Aga Muhlach's character is the counterpart of Yong-gu of the original Korean film, while Bela Padilla's character was the counterpart of Yong-gu's daughter Ye-seung. Among the challenges posed by the adaptation process is how a faithful depiction of Philippine prisons would affect the film's plot. In the original South Korean film, the prisons were closed confinements with metal doors, while in the Philippines, prisons are less restrictive with metal railings instead, which would pose a problem in how the lead character's fellow inmates would hide his daughter from the jail wardens.
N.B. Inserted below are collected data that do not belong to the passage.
(* Let $\mathcal N=(\mathcal L,\mathcal I,D_{\mathcal L})$ be a network and let $R\in\mathcal R^{\mathcal N}$. Then for every $\epsilon>0$ there exists a collision-free schedule $S$ that has some period $T_p\ge 1$, whose rate vector $R_S$ exists, and which satisfies $R_S\succcurlyeq R-\epsilon$.
   Context: A network is a triple $\mathcal N=(\mathcal L,\mathcal I,D_{\mathcal L})$ where $\mathcal L$ is a finite nonempty set (of links); $\mathcal I=(\mathcal I(l))_{l\in\mathcal L}$ is the collision profile, each $\mathcal I(l)$ being a collection of nonempty subsets of $\mathcal L$; and $D_{\mathcal L}$ (the link-wise delay matrix) assigns an integer $D_{\mathcal L}(l,l')$ to every pair $(l,l')$ with $l'\in\phi$ for some $\phi\in\mathcal I(l)$. The character of $\mathcal N$ is $D^*=\max_{l\in\mathcal L}\max_{\phi\in\mathcal I(l)}\max_{l'\in\phi}|D_{\mathcal L}(l,l')|$ (taken to be $0$ if there are no collision sets). A schedule is a map $S:\mathcal L\times\mathbb Z\to\{0,1\}$. For $(l,t)\in\mathcal L\times\mathbb Z$, $S(l,t)$ has a collision if there exists $\phi\in\mathcal I(l)$ such that $S(l',t+D_{\mathcal L}(l,l'))=1$ for every $l'\in\phi$; otherwise $S(l,t)$ is collision free. $S$ is collision free if $S(l,t)$ is collision free for every $(l,t)$ with $S(l,t)=1$. $S$ has period $T_p\ge 1$ if $S(l,t)=S(l,t+T_p)$ for all $(l,t)$. For a schedule $S$ and link $l$, $R_S(l)=\lim_{T\to\infty}\frac1T\sum_{t=0}^{T-1}\iota\big(S(l,t)=1\text{ and }S(l,t)\text{ is collision free}\big)$ when the limit exists ($\iota$ is the indicator); if it exists for all $l$, $R_S=(R_S(l))_{l\in\mathcal L}$ is the rate vector of $S$. Vectors/matrices are compared entrywise ($A\preccurlyeq B$ iff each entry of $A$ is at most the corresponding entry of $B$), and $R-\epsilon$ means subtracting $\epsilon$ from every entry. A nonnegative vector $R\in[0,\infty)^{\mathcal L}$ is achievable if for every $\epsilon>0$ there is a schedule $S$ whose rate vector exists and satisfies $R_S\succcurlyeq R-\epsilon$; the rate region $\mathcal R^{\mathcal N}$ is the set of all achievable nonnegative vectors. *)

theory Defs
  imports "HOL-Analysis.Analysis"
begin

text \<open>A network (L, I, D): L finite nonempty link set, I l the collision profile
  of link l (collection of nonempty subsets of L), D l l' the integer delay
  (only meaningful when l' lies in some collision set of l).\<close>

definition network :: "'l set \<Rightarrow> ('l \<Rightarrow> 'l set set) \<Rightarrow> ('l \<Rightarrow> 'l \<Rightarrow> int) \<Rightarrow> bool" where
  "network L I D \<longleftrightarrow> finite L \<and> L \<noteq> {} \<and>
     (\<forall>l\<in>L. \<forall>\<phi>\<in>I l. \<phi> \<noteq> {} \<and> \<phi> \<subseteq> L)"

type_synonym 'l schedule = "'l \<Rightarrow> int \<Rightarrow> bool"
(* For any two finite sets $A_1$ and $A_2$ of lines in $\mathbb{R}^2$, there exists a line $\ell$, bounding closed halfplanes $\ell^+$ and $\ell^-$, and sets $A_i^\sigma\subseteq A_i$ for $i\in\{1,2\}$ and $\sigma\in\{+,-\}$, such that $|A_i^\sigma|\ge |A_i|^{1/2}$ and $V(A_i^\sigma)\subseteq \ell^\sigma$.
   Context: For a finite set $A$ of lines in $\mathbb{R}^2$, $V(A)$ denotes the set of all intersection points of pairs of lines of $A$. *)

theory Defs
  imports Complex_Main
begin

definition line_eq :: "real \<Rightarrow> real \<Rightarrow> real \<Rightarrow> (real \<times> real) set" where
  "line_eq a b c = {(x, y). a * x + b * y = c}"

definition is_line :: "(real \<times> real) set \<Rightarrow> bool" where
  "is_line L \<longleftrightarrow> (\<exists>a b c. (a, b) \<noteq> (0, 0) \<and> L = line_eq a b c)"

definition V :: "(real \<times> real) set set \<Rightarrow> (real \<times> real) set" where
  "V A = {p. \<exists>L\<in>A. \<exists>M\<in>A. L \<noteq> M \<and> p \<in> L \<and> p \<in> M}"

definition halfplane_plus :: "real \<Rightarrow> real \<Rightarrow> real \<Rightarrow> (real \<times> real) set" where
  "halfplane_plus a b c = {(x, y). a * x + b * y \<ge> c}"

definition halfplane_minus :: "real \<Rightarrow> real \<Rightarrow> real \<Rightarrow> (real \<times> real) set" where
  "halfplane_minus a b c = {(x, y). a * x + b * y \<le> c}"

end

theory Submission
  imports Defs
begin

text \<open>
  Combinatorially, fix any line
  a x + b y = c. Order the lines of A so that comparable lines meet on the minus side and
  incomparable ones on the plus side; by Mirsky's theorem there is a chain or an antichain of
  size sqrt |A|, giving the dichotomy: some large subset has all its vertices on one closed side.
  Topologically, rotate the direction (cos (pi t), sin (pi t)) from t = 0 to t = 1. For fixed t
  the offsets c for which both sides are served form an interval [lower t, upper t]; these
  endpoints depend continuously on t and are exchanged (up to sign) between t = 0 and t = 1.
  By the intermediate value theorem the midpoints of the intervals of A1 and A2 coincide at some
  t, and that line works for both families.
\<close>

definition lt_chain :: "('a \<Rightarrow> 'a \<Rightarrow> bool) \<Rightarrow> 'a set \<Rightarrow> bool" where
  "lt_chain lt C \<longleftrightarrow> (\<forall>x\<in>C. \<forall>y\<in>C. x \<noteq> y \<longrightarrow> lt x y \<or> lt y x)"

definition lt_antichain :: "('a \<Rightarrow> 'a \<Rightarrow> bool) \<Rightarrow> 'a set \<Rightarrow> bool" where
  "lt_antichain lt C \<longleftrightarrow> (\<forall>x\<in>C. \<forall>y\<in>C. \<not> lt x y)"

text \<open>Mirsky's height function: if every chain has at most m elements, mapping each x to the
  size of a longest chain ending in x is strictly monotone with values in {1..m}.\<close>

lemma height_function:
  assumes fin: "finite X" and irr: "\<forall>x\<in>X. \<not> lt x x"
    and tr: "\<forall>x\<in>X. \<forall>y\<in>X. \<forall>z\<in>X. lt x y \<longrightarrow> lt y z \<longrightarrow> lt x z"
    and chains: "\<And>C. C \<subseteq> X \<Longrightarrow> lt_chain lt C \<Longrightarrow> card C \<le> m"
  obtains h where "\<And>x. x \<in> X \<Longrightarrow> h x \<in> {1..m}"
    and "\<And>x y. x \<in> X \<Longrightarrow> y \<in> X \<Longrightarrow> lt x y \<Longrightarrow> h x < h y"
proof -
  define tops where "tops x = {C. C \<subseteq> X \<and> lt_chain lt C \<and> x \<in> C \<and> (\<forall>y\<in>C. y = x \<or> lt y x)}" for x
  define h where "h x = Max (card ` tops x)" for x
  have tops_fin: "finite (tops x)" for x
    by (rule finite_subset[of _ "Pow X"]) (auto simp: tops_def fin)
  have singleton_top: "{x} \<in> tops x" if "x \<in> X" for x
    using that by (auto simp: tops_def lt_chain_def)
  have h_attained: "h x \<in> card ` tops x" if "x \<in> X" for x
    unfolding h_def using tops_fin singleton_top[OF that] by (intro Max_in) auto
  have h_ge: "card C \<le> h x" if "C \<in> tops x" for C x
    unfolding h_def using tops_fin that by (intro Max_ge) auto
  have h_range: "h x \<in> {1..m}" if "x \<in> X" for x
    using h_ge[OF singleton_top[OF that]] h_attained[OF that] chains by (auto simp: tops_def)
  have h_mono: "h x < h y" if xy: "x \<in> X" "y \<in> X" "lt x y" for x y
  proof -
    obtain C where C: "C \<in> tops x" "card C = h x" using h_attained[OF xy(1)] by auto
    hence CX: "C \<subseteq> X" "lt_chain lt C" "\<forall>z\<in>C. z = x \<or> lt z x" by (auto simp: tops_def)
    have below_y: "lt z y" if "z \<in> C" for z
      using CX that xy tr by (metis subsetD)
    hence "y \<notin> C" using irr xy by blast
    have "insert y C \<in> tops y"
      using CX below_y xy unfolding tops_def lt_chain_def by auto
    hence "card (insert y C) \<le> h y" by (rule h_ge)
    moreover have "card (insert y C) = Suc (h x)"
      using \<open>y \<notin> C\<close> C CX fin by (simp add: finite_subset)
    ultimately show ?thesis by simp
  qed
  from h_range h_mono show thesis by (rule that)
qed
The Philippine film also had less focus on the trial portion compared to its South Korean counterpart.

Nadine Lustre was supposed to play Padilla's role but withdrew from the film project citing a need to take a break after her stints with two 2019 films, Ulan and Indak.

==Marketing==
A teaser was released in November 2019 for Miracle in Cell No. 7 which had at least 7 million online views in 24 hours. The full trailer for the film was released in December 2019. Lead actor, Aga Muhlach also guested in Headstart to promote the film.

==Release==
Miracle in Cell No. 7 premiered in cinemas across the Philippines on December 25, 2019, as one of the official entries to the 45th Metro Manila Film Festival. The film was distributed by Viva Films.

==Reception==
Viva Films, the distributor and producer of Miracle in Cell No. 7 claims that tickets to its film were sold out in most cinemas in Metro Manila on the opening day of the film festival.

== Sequel ==
A sequel for the film has been announced for the 2026 Metro Manila Film Festival titled 2nd Miracle in Cell No. 7.